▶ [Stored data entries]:
lemma dyn_threshold_cong:
  fixes \<eta> \<eta>' :: "int \<Rightarrow> int"
  assumes "\<forall>y\<in>{a..b}. \<eta> y \<le> i \<longleftrightarrow> \<eta>' y \<le> i"
  shows "\<forall>y\<in>{a..b}. dyn q E a b \<eta> t y \<le> i \<longleftrightarrow> dyn q E a b \<eta>' t y \<le> i"
proof -
  have "\<forall>y\<in>{a..b}. fold swap_step L \<eta> y \<le> i \<longleftrightarrow> fold swap_step L \<eta>' y \<le> i"
    if "\<forall>e\<in>set L. event_within a b e" "\<forall>y\<in>{a..b}. \<eta> y \<le> i \<longleftrightarrow> \<eta>' y \<le> i" for L and \<eta> \<eta>' :: "int \<Rightarrow> int"
    using that
  proof (induction L arbitrary: \<eta> \<eta>')
    case (Cons e L)
    obtain s x c where e: "e = (s, x, c)" by (cases e)
    have "\<forall>y\<in>{a..b}. swap_step e \<eta> y \<le> i \<longleftrightarrow> swap_step e \<eta>' y \<le> i"
      unfolding e by (rule swap_step_threshold_cong) (use Cons.prems e in auto)
    then show ?case using Cons by simp
  qed simp
  then show ?thesis using assms event_within_event_list by (simp add: dyn_eq_fold)
qed

lemma hgt_fold_swap_step_mono:
  assumes "\<forall>e\<in>set L. event_within a b e"
    and "\<And>x. hgt a b (\<lambda>y. \<eta> y \<le> i) x \<le> hgt a' b' (\<lambda>y. \<theta> y \<le> j) x"
  shows "hgt a b (\<lambda>y. fold swap_step L \<eta> y \<le> i) x
    \<le> hgt a' b' (\<lambda>y. fold swap_step (filter (event_within a' b') L) \<theta> y \<le> j) x"
  using assms
proof (induction L arbitrary: \<eta> \<theta> x)
  case (Cons e L)
  obtain s z c where e: "e = (s, z, c)" by (cases e)
  let ?h = "hgt a b (\<lambda>y. \<eta> y \<le> i)" and ?g = "hgt a' b' (\<lambda>y. \<theta> y \<le> j)"
  have h': "hgt a b (\<lambda>y. swap_step e \<eta> y \<le> i) = ?h(z := swap_height c (?h (z - 1)) (?h (z + 1)))"
    unfolding e by (rule hgt_swap_step) (use Cons.prems(1) e in auto)
  have sw: "swap_height c (?h (z - 1)) (?h (z + 1)) \<le> swap_height c (?g (z - 1)) (?g (z + 1))"
    using Cons.prems(2) by (intro swap_height_mono)
  show ?case
  proof (cases "event_within a' b' e")
    case True
    have "hgt a' b' (\<lambda>y. swap_step e \<theta> y \<le> j) = ?g(z := swap_height c (?g (z - 1)) (?g (z + 1)))"
      unfolding e by (rule hgt_swap_step) (use True e in auto)
    then have "hgt a b (\<lambda>y. swap_step e \<eta> y \<le> i) y \<le> hgt a' b' (\<lambda>y. swap_step e \<theta> y \<le> j) y" for y
      using h' sw Cons.prems(2) by simp
    with Cons.IH[of "swap_step e \<eta>" "swap_step e \<theta>"] Cons.prems(1) True show ?thesis by simp
  next
    case False
    then have "swap_height c (?g (z - 1)) (?g (z + 1)) \<le> ?g z"
      using e by (intro swap_height_le_hgt_outside) auto
    then have "hgt a b (\<lambda>y. swap_step e \<eta> y \<le> i) y \<le> ?g y" for y
      using h' sw Cons.prems(2) by simp
    with Cons.IH[of "swap_step e \<eta>" \<theta>] Cons.prems(1) False show ?thesis by simp
  qed
qed simp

▶ [Work item]: Each line of the data that has the string "shows" counts once; give the total and nothing else.

▶ [Written response]: 2